Project Overview
Motivation
As someone who is thinking about going into the field of Data Science and Machine Learning, I have looked through online job ads for data scientists and got overwhelmed by the amount of skills required. It would take a very long time to learn the whole repertoire of data science tools.
To help decide which tools to learn first, I decided to look at which data science skills are currently most in-demand by employers in major cities in Canada and U.S.
After doing some research on this topic, I came across this awesome blog by Jesse Steinweg-Woods published in March 2015. He scraped data off indeed.com and looked at trends for Seattle, Chicago, San Francisco, New York and U.S. Nationwide.
His findings from nationwide search suggested that Python is much more in demand than R. This really intrigued me to see if the trend is the same among different data science jobs.
Objectives
In this analysis, I'll be trying to answer the following questions:
- What is the ranking of American cities based on job ads for Data Analysts, Data Scientists, Data Architects & Data Engineers?
- For Data Analysts, Data Scientists, Data Architects & Data Engineers, which analysis tools and programming languages are in highest demand by employers in Canada and U.S.?
Approach
Data was collected from three sources:
- Indeed.com: By web scraping with a modified version of Jesse's code, I collected data from job ads that had exactly "Data Analyst", "Data Scientist", "Data Architect" or "Data Engineer" in its text for 39 cities in U.S and for Canada nationwide. Then I created a dataframe containing names of data science tools & percent of job ads mentioning each tool.
- Indeed.ca: Same as above
- Stack Overflow kindly gave me permission to use their job ads dataset for "Data Scientists" in this study. The dataset contained information such as job title, company location, job ad description, etc.
Analysis
Ranking of American Cities based on Data Science Job Ads

You can see that almost all 53 cities had the most number of job ads for Data analysts followed by those for Data scientists, except for San Francisco, San Jose and Seattle.
There were similar number of job ads for data engineers and data architects, except for New York, Newark, Jersey City, San Jose, San Francisco, Seattle, Oakland and Fremont where there was a significantly higher number of job ads for data engineers than data architects.

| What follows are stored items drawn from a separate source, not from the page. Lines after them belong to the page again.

lemma Fq_inverse: "x \<in> Fqs \<Longrightarrow> inverse x \<in> Fqs"
proof (cases "x = 0")
  case False
  assume "x \<in> Fqs"
  then obtain t where "t \<in> \<O>" "x = red t" by (rule FqE)
  with False have "inverse x = red (inverse t)" and "inverse t \<in> \<O>"
    using red_inverse[of t] red_nonzero_iff[of t] O_inverse[of t] by auto
  then show ?thesis by (simp add: Fq_red)
qed simp

lemma card_Fq_pos: "q > 0"
  using finite_Fq Fq_0 card_gt_0_iff by blast

lemma of_nat_card_Fq: "of_nat q = (0::'k)"
proof -
  have "(\<Sum>x\<in>Fqs. x + 1) = (\<Sum>x\<in>Fqs. x)"
    by (rule sum.reindex_bij_witness[of _ "\<lambda>x. x - 1" "\<lambda>x. x + 1"]) (auto intro: Fq_add Fq_diff)
  then show ?thesis by (simp add: sum.distrib)
qed

lemma Fq_power_card: "y \<in> Fqs \<Longrightarrow> y ^ q = y"
proof (cases "y = 0")
  case False
  assume y: "y \<in> Fqs"
  let ?U = "Fqs - {0}"
  have "(\<Prod>x\<in>?U. y * x) = (\<Prod>x\<in>?U. x)"
    by (rule prod.reindex_bij_witness[of _ "\<lambda>x. inverse y * x" "\<lambda>x. y * x"])
       (use False y in \<open>auto intro: Fq_mult Fq_inverse\<close>)
  moreover have "(\<Prod>x\<in>?U. y * x) = y ^ (q - 1) * (\<Prod>x\<in>?U. x)"
    using finite_Fq by (simp add: prod.distrib card_Diff_singleton)
  moreover have "(\<Prod>x\<in>?U. x) \<noteq> 0"
    using finite_Fq by simp
  ultimately have "y ^ Suc (q - 1) = y"
    by simp
  then show ?thesis
    using card_Fq_pos by simp
qed (use card_Fq_pos in simp)

section \<open>Teichmueller representatives\<close>

lemma vge_diff_power_card:
  assumes "a \<in> \<O>" "b \<in> \<O>" "vge v (a - b) j" "j \<ge> 1"
  shows "vge v (a ^ q - b ^ q) (j + 1)"
proof -
  let ?S = "\<Sum>i<q. b ^ (q - Suc i) * a ^ i"
  have S_O: "?S \<in> \<O>"
    using assms by (auto intro!: O_sum O_mult O_power)
  have "red a = red b"
    using assms red_eq_iff_vge vge_mono by blast
  have "red ?S = (\<Sum>i<q. red b ^ (q - Suc i) * red a ^ i)"
    using assms by (simp add: red_sum O_mult O_power red_mult red_power)
  also have "\<dots> = (\<Sum>i<q. red b ^ (q - 1))"
    by (rule sum.cong) (auto simp: \<open>red a = red b\<close> simp flip: power_add)
  also have "\<dots> = 0"
    using of_nat_card_Fq by simp
  finally have "vge v ?S 1"
    using red_eq_0_iff S_O by blast
  moreover have "a ^ q - b ^ q = (a - b) * ?S"
    by (rule power_diff_sumr2)
  ultimately show ?thesis
    using vge_mult[OF assms(3)] by simp
qed

lemma vge_diff_power_card_iter:
  assumes "a \<in> \<O>" "b \<in> \<O>" "vge v (a - b) 1"
  shows "vge v (a ^ (q ^ m) - b ^ (q ^ m)) (int m + 1)"
proof (induction m)
  case (Suc m)
  have "vge v ((a ^ (q ^ m)) ^ q - (b ^ (q ^ m)) ^ q) (int m + 1 + 1)"
    by (rule vge_diff_power_card) (use assms Suc in \<open>auto intro: O_power\<close>)
  then show ?case
    by (simp add: power_mult[symmetric] mult.commute add.commute)
qed (use assms in simp)

lemma limit_if_successive_close:
  fixes a :: "nat \<Rightarrow> 'f"
  assumes successive: "\<And>m. vge v (a (Suc m) - a m) (int m + 1)"
  obtains L where "\<And>N. \<exists>M. \<forall>m\<ge>M. vge v (a m - L) N"
proof -
  have close: "vge v (a m' - a m) (int m + 1)" if "m \<le> m'" for m m'
    using that
  proof (induction m' rule: dec_induct)
    case (step k)
    have "vge v (a (Suc k) - a k) (int m + 1)"
      using successive[of k] vge_mono step.hyps by fastforce
    then show ?case
      using vge_add[OF _ step.IH] by fastforce
  qed simp
  have "\<exists>M. \<forall>m\<ge>M. \<forall>m'\<ge>M. vge v (a m - a m') N" for N
  proof (intro exI allI impI)
    fix m m' assume "nat N \<le> m" "nat N \<le> m'"
    show "vge v (a m - a m') N"
    proof (cases "m \<le> m'")
      case True
      then have "vge v (a m - a m') (int m + 1)"
        using close vge_diff_commute by blast
      then show ?thesis
        by (rule vge_mono) (use \<open>nat N \<le> m\<close> in linarith)
    next
      case False
      then have "vge v (a m - a m') (int m' + 1)"
        using close by simp
      then show ?thesis
        by (rule vge_mono) (use \<open>nat N \<le> m'\<close> in linarith)
    qed
  qed
  then show ?thesis
    using complete that by blast
qed

lemma teich_unique:
  assumes "t \<in> \<O>" "t' \<in> \<O>" "red t = red t'" "t ^ q = t" "t' ^ q = t'"
  shows "t = t'"
proof (rule vge_all_imp_zero[of "t - t'", simplified])
  fix N :: int assume "N \<ge> 1"
  have "vge v (t ^ (q ^ nat (N - 1)) - t' ^ (q ^ nat (N - 1))) (int (nat (N - 1)) + 1)"
    using assms red_eq_iff_vge by (intro vge_diff_power_card_iter) auto
  then show "vge v (t - t') N"
    using power_power_eq_self[of t] power_power_eq_self[of t'] assms \<open>N \<ge> 1\<close> by simp
qed

lemma limit_O_red:
  fixes a :: "nat \<Rightarrow> 'f"
  assumes "\<And>m. a m \<in> \<O>" "\<And>m. red (a m) = x" "\<And>N. \<exists>M. \<forall>m\<ge>M. vge v (a m - L) N"
  shows "L \<in> \<O>" "red L = x"
proof -
  obtain M0 where "vge v (a M0 - L) 0"
    using assms(3)[of 0] by blast
  then show L_O: "L \<in> \<O>"
    using O_diff[OF assms(1)[of M0], of "a M0 - L"] by (simp add: O_iff)
  obtain M1 where "vge v (a M1 - L) 1"
    using assms(3)[of 1] by blast
  then show "red L = x"
    using red_eq_iff_vge[OF assms(1)[of M1] L_O] assms(2) by simp
qed

lemma limit_power_card_eq_self:
  assumes "\<And>m. a m \<in> \<O>" "\<And>m. a (Suc m) = a m ^ q" "L \<in> \<O>"
    and lim: "\<And>N. \<exists>M. \<forall>m\<ge>M. vge v (a m - L) N"
  shows "L ^ q = L"
proof (rule vge_all_imp_zero[of "L ^ q - L", simplified])
  fix N :: int assume "N \<ge> 1"
  obtain M where M: "\<forall>m\<ge>M. vge v (a m - L) N"
    using lim by blast
  then have "vge v (L ^ q - a M ^ q) (N + 1)"
    using vge_diff_power_card[OF assms(3,1)] vge_diff_commute \<open>N \<ge> 1\<close> by blast
  then have "vge v (L ^ q - a M ^ q) N"
    by (rule vge_mono) simp
  moreover have "vge v (a (Suc M) - L) N"
    using M by simp
  ultimately have "vge v ((L ^ q - a M ^ q) + (a (Suc M) - L)) N"
    by (rule vge_add)
  then show "vge v (L ^ q - L) N"
    by (simp add: assms(2))
qed
lemma hook_sum_antidiagonal_weight:
  assumes "(i, i) \<in> shifted_boxes lam"
  shows "(\<Sum>b \<in> {(i', j') \<in> shifted_boxes lam. i' \<le> i \<and> j' \<le> i}. antidiagonal_weight lam b)
      + (\<Sum>b \<in> {(i', j') \<in> shifted_boxes lam. i' \<ge> i \<and> j' \<ge> i}. antidiagonal_weight lam b) = 4"
proof -
  let ?L = "length lam" and ?P = "part lam 1"
  let ?U = "{b \<in> shifted_boxes lam. fst b \<le> i \<and> snd b \<le> i}"
    and ?W = "{b \<in> shifted_boxes lam. fst b \<ge> i \<and> snd b \<ge> i}"
  have i: "1 \<le> i" "i \<le> ?L"
    using assms by (auto simp: diagonal_box_iff)
  have "{(i', j') \<in> shifted_boxes lam. i' \<le> i \<and> j' \<le> i} = ?U"
    and "{(i', j') \<in> shifted_boxes lam. i' \<ge> i \<and> j' \<ge> i} = ?W"
    by auto
  moreover have "sum (antidiagonal_weight lam) ?U + sum (antidiagonal_weight lam) ?W = 4"
  proof -
    have U: "(1, 1) \<in> ?U" "(1, ?L) \<in> ?U \<longleftrightarrow> i = ?L" "(?L, ?L) \<in> ?U \<longleftrightarrow> i = ?L"
      using i length_le_first_part by (auto simp: first_row_box_iff diagonal_box_iff)
    have W: "(1, 1) \<in> ?W \<longleftrightarrow> i = 1" "(1, ?L) \<in> ?W \<longleftrightarrow> i = 1" "(?L, ?L) \<in> ?W"
      using i length_le_first_part by (auto simp: first_row_box_iff diagonal_box_iff)
    have "{d. 2 \<le> d \<and> d \<le> ?L \<and> (d, d) \<in> ?U} = {2..i}"
      and "{d. 2 \<le> d \<and> d \<le> ?L \<and> (d, d) \<in> ?W} = {max 2 i..?L}"
      using i by (auto simp: diagonal_box_iff)
    then have diagonal_U: "card {d. 2 \<le> d \<and> d \<le> ?L \<and> (d, d) \<in> ?U} = i - 1"
      and diagonal_W: "card {d. 2 \<le> d \<and> d \<le> ?L \<and> (d, d) \<in> ?W} = ?L + 1 - max 2 i"
      by simp_all
    have "{j. ?L < j \<and> j \<le> ?P \<and> (1, j) \<in> ?U} = {}"
      and "{j. ?L < j \<and> j \<le> ?P \<and> (1, j) \<in> ?W} = (if i = 1 then {?L<..?P} else {})"
      using i by (auto simp: first_row_box_iff)
    then have row_U: "card {j. ?L < j \<and> j \<le> ?P \<and> (1, j) \<in> ?U} = 0"
      and row_W: "card {j. ?L < j \<and> j \<le> ?P \<and> (1, j) \<in> ?W} = (if i = 1 then ?P - ?L else 0)"
      by simp_all
    have "sum (antidiagonal_weight lam) ?U + sum (antidiagonal_weight lam) ?W
      = (3 - int ?P) + 2 * int (i - 1)
      + ((if i = 1 then 3 - int ?P else 0) + (if i = 1 then 2 * int ?L - 1 - int ?P else 0)
         - (2 * int ?L - 1 - int ?P) + 2 * int (?L + 1 - max 2 i)
         + 2 * int (if i = 1 then ?P - ?L else 0))"
      unfolding sum_antidiagonal_weight[OF finite_box_subset]
      by (simp only: U W diagonal_U diagonal_W row_U row_W if_True)
    also have "\<dots> = 4"
      using i length_le_first_part by (cases "i = 1") (simp_all add: of_nat_diff max_def)
    finally show ?thesis .
  qed
  ultimately show ?thesis
    by simp
qed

In Newark, Jersey City, New York, Oakland, Washington, Fremont and San Francisco, there were a total of over 1000 job ads for Data Analysts, Data Scientists, Data Architects & Data Engineers combined together. San Jose had over 800 whereas Boston & Seattle had over 500.
Comparing Demand of Data Science Tools: U.S. vs. Canada


For data analysts, Excel seems to be more popular in U.S than Canada by 15%. However, SQL is much more popular in Canada by 15.7%. Most U.S. companies do not seem to be looking for R and Python skills in data analysts, with 12.4% of job ads asking for R and only 2.9% asking for Python! More Canadian companies are looking for data analysts with R and Python skills than U.S., with 16.1% of job ads asking for R and 12.3% for Python.
For data scientists, Python is winning over R in U.S by 1.1% but it is still a tie in Canada. When Jesse did the analysis last year, Python was ahead by about 8% so it seems R has caught up to it again. R language may have benefitted from Microsoft acquisition last year.
For data architects, SQL, Hadoop and Java are leading the pack with 45.2% of U.S. job ads asking for SQL & 18% for Hadoop, followed by 17.2% for Java and 32.7% of Canadian job ads asking for SQL, followed by 13.9% for Hadoop & Java.
For data engineers, SQL, Python and Hadoop are most requested in both U.S. and Canadian indeed job ads. Below, you can see, the list of top 15 data science tools that appeared in the indeed job ads for data analysts, data scientists, data architects and data engineers in U.S. and Canada.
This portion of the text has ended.